Rolling out of Llanberis and our group split pretty early, as the road down through Nant Peris (the A4086 for any map lovers) is flat and quick, and rolling along next to the Llyn Peris lake the view is really rather spectacular. The plan was for everyone to take it at their own pace from lunch all the way to the bottom of the descent which meant that a few of us were pushing on while the others (perhaps more sensibly) were letting lunch go down before they started any climbing. Our route had been drawn up by Phil Stasiw from MTB Wales. A guy with an unmatched knowledge of mid and north-Wales and a really keen sense of what makes a great ride. After a 5hr MTB epic the day before, he’d sensibly decided to keep the route relatively short and punchy with plenty of spectacular scenery and very little wasted effort so there was no danger of anyone getting irrecoverably dropped.

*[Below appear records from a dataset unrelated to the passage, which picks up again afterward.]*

definition cindex :: "nat \<Rightarrow> nat \<Rightarrow> nat \<Rightarrow> cidx set" where
  "cindex n k D = {..<D} \<times> monoms n k"

definition coords :: "nat \<Rightarrow> nat \<Rightarrow> nat \<Rightarrow> (vec \<Rightarrow> vec) \<Rightarrow> cidx \<Rightarrow> real" where
  "coords n k D F = (\<lambda>(j, \<alpha>). if j < D then coeff n k (\<lambda>x. F x j) \<alpha> else 0)"

definition sym_tuples :: "nat \<Rightarrow> nat \<Rightarrow> nat \<Rightarrow> (cidx \<Rightarrow> real) set" where
  "sym_tuples n k D = coords n k D ` {F. \<forall>j<D. hom_form n k (\<lambda>x. F x j)}"

definition poly_on :: "'i set \<Rightarrow> (('i \<Rightarrow> real) \<Rightarrow> real) \<Rightarrow> bool" where
  "poly_on I p \<longleftrightarrow> (\<exists>M c. finite M \<and> (\<forall>m\<in>M. \<forall>i. i \<notin> I \<longrightarrow> m i = (0::nat)) \<and>
      (\<forall>y. p y = (\<Sum>m\<in>M. c m * (\<Prod>i\<in>I. y i ^ m i))))"

definition zclosed :: "'i set \<Rightarrow> ('i \<Rightarrow> real) set \<Rightarrow> bool" where
  "zclosed I V \<longleftrightarrow> (\<exists>P. (\<forall>p\<in>P. poly_on I p) \<and>
      V = {y. (\<forall>i. i \<notin> I \<longrightarrow> y i = 0) \<and> (\<forall>p\<in>P. p y = 0)})"

definition zclosure :: "'i set \<Rightarrow> ('i \<Rightarrow> real) set \<Rightarrow> ('i \<Rightarrow> real) set" where
  "zclosure I S = \<Inter> {V. zclosed I V \<and> S \<subseteq> V}"

definition zirreducible :: "'i set \<Rightarrow> ('i \<Rightarrow> real) set \<Rightarrow> bool" where
  "zirreducible I V \<longleftrightarrow> zclosed I V \<and> V \<noteq> {} \<and>
     (\<forall>A B. zclosed I A \<longrightarrow> zclosed I B \<longrightarrow> V \<subseteq> A \<union> B \<longrightarrow> V \<subseteq> A \<or> V \<subseteq> B)"

definition zdim :: "'i set \<Rightarrow> ('i \<Rightarrow> real) set \<Rightarrow> nat" where
  "zdim I V = Sup {n. \<exists>Z. (\<forall>k\<le>n. zirreducible I (Z k) \<and> Z k \<subseteq> V) \<and> (\<forall>k<n. Z k \<subset> Z (Suc k))}"

definition plain_index :: "nat list \<Rightarrow> nat \<Rightarrow> cidx set" where
  "plain_index ds r = cindex (ds ! 0) (r ^ (depth ds - 1)) (last ds)"

definition qres_index :: "nat list \<Rightarrow> nat \<Rightarrow> cidx set" where
  "qres_index ds r = cindex (ds ! 0) ((2 * r) ^ (depth ds - 1)) (last ds)"

definition plain_variety :: "nat list \<Rightarrow> nat \<Rightarrow> (cidx \<Rightarrow> real) set" where
  "plain_variety ds r = zclosure (plain_index ds r)
     (coords (ds ! 0) (r ^ (depth ds - 1)) (last ds) ` plain_lead_space ds r)"

definition qres_variety :: "nat list \<Rightarrow> nat \<Rightarrow> (cidx \<Rightarrow> real) set" where
  "qres_variety ds r = zclosure (qres_index ds r)
     (coords (ds ! 0) ((2 * r) ^ (depth ds - 1)) (last ds) ` qres_lead_space ds r)"

definition qres_filling :: "nat list \<Rightarrow> nat \<Rightarrow> bool" where
  "qres_filling ds r \<longleftrightarrow>
     qres_variety ds r = sym_tuples (ds ! 0) ((2 * r) ^ (depth ds - 1)) (last ds)"

end

theory Submission
  imports Defs "HOL-Computational_Algebra.Polynomial" "HOL-Library.FuncSet"
begin

text \<open>Both leading varieties live in the coordinate space of D-tuples of degree-k forms in
  d_0 variables, whose dimension N is D times the number of degree-k monomials.
  The Krull dimension of any subset is at most N: along a strict chain Z_0 \<subset> ... \<subset> Z_n of
  irreducible closed sets, polynomials separating consecutive members (of degree \<le> E in each
  variable) produce (t + n choose n) polynomials of degree \<le> t E in each variable that are
  linearly independent on Z_n, whereas there are only (t E + 1)^N such monomials; so n \<le> N.
  Conversely, the coordinate subspaces form a chain of length N, so a filling QRes variety has
  dimension exactly N.  The dimension hypothesis therefore bounds the number of monomials of
  degree (2r)^(h_q-1) by that of degree r^(h_n-1); as d_0 \<ge> 2 this number strictly increases
  with the degree, so (2r)^(h_q-1) \<le> r^(h_n-1), and taking logarithms gives the bound.\<close>

section \<open>Polynomials of bounded degree in each variable\<close>

definition monomial_on :: "'i set \<Rightarrow> ('i \<Rightarrow> nat) \<Rightarrow> ('i \<Rightarrow> real) \<Rightarrow> real" where
  "monomial_on I m y = (\<Prod>i\<in>I. y i ^ m i)"

definition exps_le :: "'i set \<Rightarrow> nat \<Rightarrow> ('i \<Rightarrow> nat) set" where
  "exps_le I k = {m. (\<forall>i. i \<notin> I \<longrightarrow> m i = 0) \<and> (\<forall>i\<in>I. m i \<le> k)}"

definition poly_maxdeg :: "'i set \<Rightarrow> nat \<Rightarrow> (('i \<Rightarrow> real) \<Rightarrow> real) \<Rightarrow> bool" where
  "poly_maxdeg I k f \<longleftrightarrow> (\<exists>c. \<forall>y. f y = (\<Sum>m\<in>exps_le I k. c m * monomial_on I m y))"

lemma inj_on_restrict_exps_le: "inj_on (\<lambda>m. restrict m I) (exps_le I k)"
proof (rule inj_onI)
  fix m m' assume m: "m \<in> exps_le I k" "m' \<in> exps_le I k" "restrict m I = restrict m' I"
  show "m = m'"
  proof
    fix i
    have "restrict m I i = restrict m' I i" using m(3) by simp
    then show "m i = m' i" using m(1,2) by (cases "i \<in> I") (auto simp: exps_le_def)
  qed
qed

lemma restrict_exps_le_subset: "(\<lambda>m. restrict m I) ` exps_le I k \<subseteq> PiE I (\<lambda>_. {..k})"
  by (auto simp: exps_le_def)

The climb itself actually starts a few kilometres down the road from Llanberis, just after the little village of Nant Peris, and snakes through the valley between Snowdon on your right and Glyder Fawr on your left - Wales’s highest and fifth highest peaks respectively. Look at it on a map and you can be forgiven for thinking it’s pretty straight, but all those subtle bends turn out to be noticeable corners when you’re actually down there riding. It’s nice because it keeps the road feeling fresh, and although you can see it ramping up as you ride, you’re never confronted with a straight, steep section - you know what we mean - the sort of road that really saps enthusiasm and makes climbing feel like a chore.

While the climb isn’t super challenging if you’re just looking to cruise up at a steady pace, there are a few things to be aware of before your start. For a start there’s a section of 10% for a couple of hundred metres just under halfway up which you need to keep in mind if you’re trying for a fast time (rather than a good time) and measure your effort accordingly. But the easiest place to get caught out is near the top, where the road steepens to between 8-9% for the final 800m. That’s where you can find yourself in a bit of bother if you’ve gone too hard lower down. But as we said at the beginning, don’t make this one all about the time. You’ll be missing out if you do.

When this lockdown ends and you’re allowed to travel again, if you want to ride the Llanberis Pass yourself just you follow the A4086 South East out of Llanberis you’ll come to Nant Peris. Carry straight on that road and you’ll find yourself on the Llanberis pass. If you’re not familiar with the area, the top of the climb is the starting point for many walkers trekking to the summit of Snowdon itself, so we definitely recommend returning without the bike on day too!